I recall one night a couple of years ago I was out with friends, a couple of nice, polite gentlemen sat down for a chat. They weren’t rude, obnoxious or sleazy, but these men changed my ability to be open about my condition for a very long time. One of the guys had been talking about why he started his health business, his sister had died of cancer, I felt he was being open and honest, so I was safe to do the same. I don’t recall why but the conversation around PTSD was raised. I knew both of men were either part of, or formally military. I did not expect them to be adamant that PTSD only happens to military personnel and there’s no way that Domestic Violence could cause PTSD like that a soldier would suffer. This happened at the beginning of 2014, after that I began to hide my PTSD symptoms the best I could and it’s taken me almost two years to be ready to talk about it again.

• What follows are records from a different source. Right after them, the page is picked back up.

(* Let $a,b,\alpha,\beta$ be constants with $\alpha>0$, $\beta>0$, $\alpha\neq\beta$, $a^2\alpha^2+b^2\beta^2=1$, and let $c(v)=(a\cos\alpha v,\ a\sin\alpha v,\ b\cos\beta v,\ b\sin\beta v)$, $v\in[0,2\pi)$ (an arc-length parameterized curve in $\mathbb R^4$ with constant curvatures). Put $$\varkappa=\sqrt{a^2\alpha^4+b^2\beta^4},\qquad \tau=\frac{ab\alpha\beta(\alpha^2-\beta^2)}{\varkappa},\qquad \sigma=\frac{\alpha\beta}{\varkappa},$$ $$n(v)=\tfrac1\varkappa(-a\alpha^2\cos\alpha v,-a\alpha^2\sin\alpha v,-b\beta^2\cos\beta v,-b\beta^2\sin\beta v),\quad b_1(v)=\tfrac1\varkappa(b\beta^2\cos\alpha v,b\beta^2\sin\alpha v,-a\alpha^2\cos\beta v,-a\alpha^2\sin\beta v)$$ (the second and fourth Frenet vectors of $c$). Let $A(u),B(u)$ be smooth functions on an interval $J$ with $A'^2+B'^2>0$ and $(\varkappa A-1)^2+(\tau A-\sigma B)^2>0$ on $J$, and consider the surface $$M^2: z(u,v)=c(v)+A(u)\,n(v)+B(u)\,b_1(v),\qquad u\in J,\ v\in[0,2\pi).$$ Then $M^2$ is minimal if and only if, on $J$, $$\frac{A''B'-A'B''}{A'^2+B'^2}=\frac{(\varkappa A-1)\varkappa B'+(\tau A-\sigma B)(\sigma A'+\tau B')}{(\varkappa A-1)^2+(\tau A-\sigma B)^2}.$$
   Context: Minimal means that the mean curvature vector $H=\tfrac12(\sigma_{II}(x,x)+\sigma_{II}(y,y))$ vanishes, where $\sigma_{II}$ is the second fundamental form of the surface in $\mathbb R^4$ (with its standard Euclidean metric) and $x,y$ is an orthonormal tangent basis. *)

theory Defs
  imports "HOL-Analysis.Analysis"
begin

type_synonym surf = "real \<times> real \<Rightarrow> real^4"

definition zu :: "surf \<Rightarrow> real \<times> real \<Rightarrow> real^4" where
  "zu z p = vector_derivative (\<lambda>s. z (s, snd p)) (at (fst p))"

definition zv :: "surf \<Rightarrow> real \<times> real \<Rightarrow> real^4" where
  "zv z p = vector_derivative (\<lambda>t. z (fst p, t)) (at (snd p))"

definition zuu :: "surf \<Rightarrow> real \<times> real \<Rightarrow> real^4" where
  "zuu z p = vector_derivative (\<lambda>s. zu z (s, snd p)) (at (fst p))"

definition zuv :: "surf \<Rightarrow> real \<times> real \<Rightarrow> real^4" where
  "zuv z p = vector_derivative (\<lambda>t. zu z (fst p, t)) (at (snd p))"

definition zvv :: "surf \<Rightarrow> real \<times> real \<Rightarrow> real^4" where
  "zvv z p = vector_derivative (\<lambda>t. zv z (fst p, t)) (at (snd p))"

definition gE :: "surf \<Rightarrow> real \<times> real \<Rightarrow> real" where "gE z p = zu z p \<bullet> zu z p"
definition gF :: "surf \<Rightarrow> real \<times> real \<Rightarrow> real" where "gF z p = zu z p \<bullet> zv z p"
definition gG :: "surf \<Rightarrow> real \<times> real \<Rightarrow> real" where "gG z p = zv z p \<bullet> zv z p"

text \<open>Orthogonal projection onto the normal plane (complement of span of zu, zv).\<close>
definition normal_part :: "surf \<Rightarrow> real \<times> real \<Rightarrow> real^4 \<Rightarrow> real^4" where
  "normal_part z p w =
     (let E = gE z p; F = gF z p; G = gG z p; D = E * G - F\<^sup>2;
          a = w \<bullet> zu z p; b = w \<bullet> zv z p
      in w - ((G * a - F * b) / D) *\<^sub>R zu z p - ((E * b - F * a) / D) *\<^sub>R zv z p)"
lemma list_coloring_on:
  assumes "finite F"
    and "\<forall>i\<in>F. finite {j. {i, j} \<in> E} \<and> deg E i < card (L i)"
  shows "\<exists>col. (\<forall>i\<in>F. col i \<in> L i) \<and>
           (\<forall>i\<in>F. \<forall>j\<in>F. {i, j} \<in> E \<longrightarrow> i \<noteq> j \<longrightarrow> col i \<noteq> col j)"
  using assms
proof (induction F rule: finite_induct)
  case empty
  show ?case by auto
next
  case (insert a F)
  then obtain col where col_in: "\<forall>i\<in>F. col i \<in> L i"
    and col_proper: "\<forall>i\<in>F. \<forall>j\<in>F. {i, j} \<in> E \<longrightarrow> i \<noteq> j \<longrightarrow> col i \<noteq> col j"
    by auto
  define N where "N = {j. {a, j} \<in> E}"
  have "finite N" and "card N < card (L a)"
    using insert.prems unfolding N_def deg_def by auto
  then have "card (col ` (N \<inter> F)) < card (L a)"
    using card_image_le[of "N \<inter> F" col] card_mono[of N "N \<inter> F"] by auto
  then obtain l where l: "l \<in> L a" "l \<notin> col ` (N \<inter> F)"
    using exists_not_in_smaller_set \<open>finite N\<close> by blast
  have l_new: "l \<noteq> col j" if "j \<in> F" "{a, j} \<in> E" for j
    using l that unfolding N_def by blast
  have "(col(a := l)) i \<noteq> (col(a := l)) j"
    if ij: "i \<in> insert a F" "j \<in> insert a F" "{i, j} \<in> E" "i \<noteq> j" for i j
  proof -
    consider "i = a" "j \<in> F" | "j = a" "i \<in> F" | "i \<in> F" "j \<in> F"
      using ij by auto
    then show ?thesis
    proof cases
      case 1
      then show ?thesis using l_new ij(3) insert.hyps(2) by auto
    next
      case 2
      then have "{a, i} \<in> E" using ij(3) by (simp add: insert_commute)
      then show ?thesis using l_new 2 insert.hyps(2) by auto
    next
      case 3
      then show ?thesis using col_proper ij(3,4) insert.hyps(2) by auto
    qed
  qed
  moreover have "\<forall>i\<in>insert a F. (col(a := l)) i \<in> L i"
    using col_in l(1) insert.hyps(2) by auto
  ultimately show ?case by blast
qed

lemma list_coloring:
  assumes "finite V" "E \<subseteq> pairs_on V"
    and "\<forall>i\<in>V. deg E i < card (L i)"
  shows "\<exists>col. (\<forall>i\<in>V. col i \<in> L i) \<and> (\<forall>i j. {i, j} \<in> E \<longrightarrow> col i \<noteq> col j)"
proof -
  have "\<forall>i\<in>V. finite {j. {i, j} \<in> E} \<and> deg E i < card (L i)"
    using assms(3) finite_neighbours[OF assms(1,2)] by blast
  from list_coloring_on[OF assms(1) this] obtain col where "\<forall>i\<in>V. col i \<in> L i"
    and proper: "\<forall>i\<in>V. \<forall>j\<in>V. {i, j} \<in> E \<longrightarrow> i \<noteq> j \<longrightarrow> col i \<noteq> col j"
    by blast
  moreover have "col i \<noteq> col j" if "{i, j} \<in> E" for i j
  proof -
    have "{i, j} \<in> pairs_on V" using that assms(2) by blast
    then show ?thesis using proper that pairs_on_memD[of i j V] by blast
  qed
  ultimately show ?thesis by blast
qed
theorem theorem3p1:
  fixes f :: "'a::real_normed_vector \<Rightarrow> 'b::banach"
    and \<phi> :: "'a \<Rightarrow> 'a \<Rightarrow> real"
    and l :: int
  assumes l: "l \<in> {-1, 1}"
    and odd: "\<And>x. f (- x) = - f x"
    and phi_nonneg: "\<And>x y. \<phi> x y \<ge> 0"
    and bound: "\<And>x y. norm (Dop f x y) \<le> \<phi> x y"
    and summ: "\<And>x. summable (\<lambda>i::nat. 2 powi (int (Suc i) * l) *
                  \<phi> (x /\<^sub>R 2 powi (int (Suc i) * l)) (x /\<^sub>R 2 powi (int (Suc i) * l)))"
    and lim0: "\<And>x y. (\<lambda>n::nat. 2 powi (l * int n) *
                  \<phi> (x /\<^sub>R 2 powi (l * int n)) (y /\<^sub>R 2 powi (l * int n))) \<longlonglongrightarrow> 0"
  shows "\<exists>A :: 'a \<Rightarrow> 'b.
     (\<forall>x. (\<lambda>n::nat. 2 powi (l * int n) *\<^sub>R
              (f (x /\<^sub>R 2 powi (l * (int n - l))) - 8 *\<^sub>R f (x /\<^sub>R 2 powi (l * int n))))
            \<longlonglongrightarrow> A x)
   \<and> Modules.additive A
   \<and> (\<forall>x y. 3 *\<^sub>R A (x + 3 *\<^sub>R y) - A (3 *\<^sub>R x + y) =
              12 *\<^sub>R (A (x + y) + A (x - y)) - 16 *\<^sub>R (A x + A y)
              + 12 *\<^sub>R A (2 *\<^sub>R y) - 4 *\<^sub>R A (2 *\<^sub>R x))
   \<and> (\<forall>x. norm (f (2 *\<^sub>R x) - 8 *\<^sub>R f x - A x) \<le>
          1/2 * (\<Sum>i. 2 powi (int (i + nat (\<bar>l - 1\<bar> div 2)) * l) *
             \<phi> (x /\<^sub>R 2 powi (l * (int (i + nat (\<bar>l - 1\<bar> div 2)) + l)))
               (x /\<^sub>R 2 powi (l * (int (i + nat (\<bar>l - 1\<bar> div 2)) + l)))))
   \<and> (\<forall>B :: 'a \<Rightarrow> 'b. Modules.additive B
        \<and> (\<forall>x y. 3 *\<^sub>R B (x + 3 *\<^sub>R y) - B (3 *\<^sub>R x + y) =
              12 *\<^sub>R (B (x + y) + B (x - y)) - 16 *\<^sub>R (B x + B y)
              + 12 *\<^sub>R B (2 *\<^sub>R y) - 4 *\<^sub>R B (2 *\<^sub>R x))
        \<and> (\<forall>x. norm (f (2 *\<^sub>R x) - 8 *\<^sub>R f x - B x) \<le>
          1/2 * (\<Sum>i. 2 powi (int (i + nat (\<bar>l - 1\<bar> div 2)) * l) *
             \<phi> (x /\<^sub>R 2 powi (l * (int (i + nat (\<bar>l - 1\<bar> div 2)) + l)))
               (x /\<^sub>R 2 powi (l * (int (i + nat (\<bar>l - 1\<bar> div 2)) + l)))))
        \<longrightarrow> B = A)"
proof -
  (* \<open>phi_nonneg\<close> is implied by \<open>bound\<close> and not needed. *)
  consider "l = 1" | "l = -1" using l by blast
  then show ?thesis
  proof cases
    case 1
    have "summable (\<lambda>i. 2^Suc i * \<phi> (x /\<^sub>R 2^Suc i) (x /\<^sub>R 2^Suc i))"
      and "(\<lambda>n. 2^n * \<phi> (x /\<^sub>R 2^n) (y /\<^sub>R 2^n)) \<longlonglongrightarrow> 0" for x y
      using summ[of x] lim0[of x y] unfolding 1 two_powi_exponents_pos by simp_all
    then show ?thesis
      unfolding 1 two_powi_exponents_pos Dop_eq_zero_iff[symmetric]
      by (rule Dop_stability_expanding[OF odd bound]) blast
  next
    case 2
    have "summable (\<lambda>i. (1/2)^Suc i * \<phi> (x /\<^sub>R (1/2)^Suc i) (x /\<^sub>R (1/2)^Suc i))"
      and "(\<lambda>n. (1/2)^n * \<phi> (x /\<^sub>R (1/2)^n) (y /\<^sub>R (1/2)^n)) \<longlonglongrightarrow> 0" for x y
      using summ[of x] lim0[of x y] unfolding 2 two_powi_exponents_neg by simp_all
    then show ?thesis
      unfolding 2 two_powi_exponents_neg Dop_eq_zero_iff[symmetric]
      by (rule Dop_stability_contracting[OF odd bound]) blast
  qed
qed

You will always find honesty and raw emotions in my posts. This disease does not consume my every day, I live a normal, seemingly happy life. What would I like you to take from this post?  Please, never shut down someone when they open up to, whether it be health related or otherwise. Few people in the world will talk about a serious topic for their own self enjoyment. Be supportive, be caring and be kind to one another.